My heart almost sinks at the sound of his voice. It sounds tired and strained; we feel the same. Maybe he's avoiding coming home. Maybe the emptiness is taking a toll on him the way it is with me.

"Dad, Parker is the least of my worries. The school itself is driving me crazy and it's only been two days."

"So, are you getting along with him?"

"We aren't talking about this. He's fine, I'm fine. Just drop it. I know you wanted to know about those weapons, to make sure that he's not getting all tied up in something he could do without, and..." I trail off as my phone chimes again. A new message.

bug-boy
please say you'll come to washington. i cant do it without you

I debate momentarily. "And everything is fine. He's dropped it, I talked him out of it. As it turns out, I'm very persuasive." I lie. I don't even feel guilty— yet.

"Oh God, what's going on? What do you want?"

"I got on the Academic Decathlon team. They're going to Washington D.C tomorrow for a competition over a couple days and they need an alternate, y'know just in case, and they've offered the spot to me. Peter is going, too, so I won't be completely by myself." My voice is sickly sweet, thick like honey, hoping I'll be able to drown his rationality with it.

He deliberates, "Not gonna lie, not crazy about the idea of you and Parker going off to another city together, don't want a repeat of Berlin—"

"Dad, I promise that nothing like that will ever happen again, and this is a school function so it's not as if we'd even be able to leave the hotel or whatever. It's tight-knit—"

"The compound is tight-knit, you managed to slip out."

"If we're so tight-knit, why did everyone leave?"

Clearly, the harshness of my words slaps him across the face as I hear a faint sharp inhale on the other side of the phone line.
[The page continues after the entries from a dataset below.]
lemma bernoulli_even_strict:
  assumes k: "k > 0" and s: "(s::real) \<noteq> 1"
  shows "1 + real (2*k) * (s - 1) < s^(2*k)"
proof -
  have "1 + real k * (s^2 - 1) \<le> (1 + (s^2 - 1))^k"
    by (rule Bernoulli_inequality) simp
  moreover have "1 + real k * (s^2 - 1) = 1 + real (2*k) * (s - 1) + real k * (s - 1)^2"
    by (simp add: power2_eq_square algebra_simps)
  moreover have "real k * (s - 1)^2 > 0" using k s by simp
  ultimately show ?thesis by (simp add: power_mult)
qed

lemma gram_kernel_min:
  assumes a: "a > 0" and k: "k > 0"
  shows "gram_kernel k a (- real a) = (1 - 2 * real k) * real a^(2*k)"
    and "t \<noteq> - real a \<Longrightarrow> gram_kernel k a (- real a) < gram_kernel k a t"
proof -
  have pa: "real a ^ (2*k-1) * real a = real a^(2*k)"
    using power_minus_mult[of "2*k" "real a"] k by simp
  show q: "gram_kernel k a (- real a) = (1 - 2 * real k) * real a^(2*k)"
    unfolding gram_kernel_def using pa by (simp add: algebra_simps)
  assume t: "t \<noteq> - real a"
  define s where "s = - t / real a"
  have ts: "t = - (real a * s)" using a by (simp add: s_def)
  have s1: "s \<noteq> 1" using t a by (auto simp: s_def field_simps)
  have "gram_kernel k a t = real a^(2*k) * (s^(2*k) - real (2*k) * s)"
    unfolding gram_kernel_def ts using pa[symmetric] by (simp add: power_mult_distrib algebra_simps)
  also have "\<dots> > real a^(2*k) * (1 - real (2*k))"
    using bernoulli_even_strict[OF k s1] a by (intro mult_strict_left_mono) (auto simp: algebra_simps)
  finally show "gram_kernel k a (- real a) < gram_kernel k a t" unfolding q by (simp add: algebra_simps)
qed

lemma star_dist:
  fixes D2 :: real
  assumes a: "a > 0" and k: "k > 0" and x: "x \<in> Sigma_set n" and y: "y \<in> Sigma_set n"
  defines "D2 \<equiv> 2 * real n^(2*k) + 4 * real k * real a^(2*k-1) * real n
                + (4 * real k - 2) * real a^(2*k)"
  shows "vdist (n^(2*k)+n) (star n a k x) (star n a k y) \<le> sqrt D2"
    and "vdist (n^(2*k)+n) (star n a k x) (star n a k y) = sqrt D2 \<longleftrightarrow> ip n x y = - real a"
proof -
  let ?d = "vdist (n^(2*k)+n) (star n a k x) (star n a k y)"
  have sq: "?d^2 = D2 + 2 * (gram_kernel k a (- real a) - gram_kernel k a (ip n x y))"
    unfolding vdist_sq star_ip gram_kernel_min(1)[OF a k] unfolding D2_def gram_kernel_def
    by (simp add: ip_self[OF x] ip_self[OF y] algebra_simps)
  have "gram_kernel k a (- real a) \<le> gram_kernel k a (ip n x y)"
    using gram_kernel_min(2)[OF a k, of "ip n x y"] by (cases "ip n x y = - real a") auto
  then have le: "?d^2 \<le> D2" unfolding sq by simp
  then show "?d \<le> sqrt D2" by (rule real_le_rsqrt)
  have "0 \<le> D2" using le by (meson order_trans zero_le_power2)
  have "?d = sqrt D2 \<longleftrightarrow> ?d^2 = D2"
  proof
    assume "?d = sqrt D2"
    then show "?d^2 = D2" using \<open>0 \<le> D2\<close> by simp
  next
    assume "?d^2 = D2"
    from real_sqrt_unique[OF this vdist_nonneg] show "?d = sqrt D2" by (rule sym)
  qed
  also have "\<dots> \<longleftrightarrow> gram_kernel k a (ip n x y) = gram_kernel k a (- real a)"
    using sq by auto
  also have "\<dots> \<longleftrightarrow> ip n x y = - real a"
    by (metis gram_kernel_min(2)[OF a k] less_irrefl)
  finally show "?d = sqrt D2 \<longleftrightarrow> ip n x y = - real a" .
qed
Perhaps I am the only person on earth, aside from Pepper, who can stun my father into silence and to rid him of his usual extreme hyper-verbal tendencies. He doesn't say anything for a while, and I feel awful.

"Yes, fine. You can go, I'll let Hogan know. Make sure you're packed and on-time. I'll talk to you later. Love you, Sparky."

The line hangs up. The high pitched tone grates on me. I didn't think it would be possible for me to feel any worse in this particular moment, in this particular day, but low and behold, I've managed it. I cannot blame anyone aside from myself. I don't usually feel guilty for being so straight-up and stone-cold, but something in me feels horrendous whenever I let myself boil over when taking to Dad.

I quickly text Peter back and let him know that I'm planning on coming to Washington, before an announce that from Happy through Antares sounds into my room.

"Got the call from your dad. I'll drop you off at school tomorrow morning at 8. Sharp. Don't be late."

Naturally, I can't sleep, so I pack. I rummage through the cardboard boxes of clothes stacked in the corner of my room and pull out a range of my favourite shirts and skirts, sweaters and pants, until something pink catches my eye. Wanda's cardigan.

The material is soft against my skin and tickles my nose when I lift it up to my face to catch a sniff of her familiar sweet scent; strawberries and apple blossom. My eyes prick with tears, though I don't allow them to spill over and instead bury the jacket underneath the rest of the crumpled up clothes.

With my suitcase packed to burst, I take the containers from my nightstand and slide my pill bottles underneath my sweater, just in case. My eyes catch onto the extra bottle of fluoxetine, lingering for a second longer than they perhaps should, before my phone chimes with a text message from Peter for what I'm predicting is the thirtieth time tonight.

bug-boy
cool, can't wait. im glad you're coming.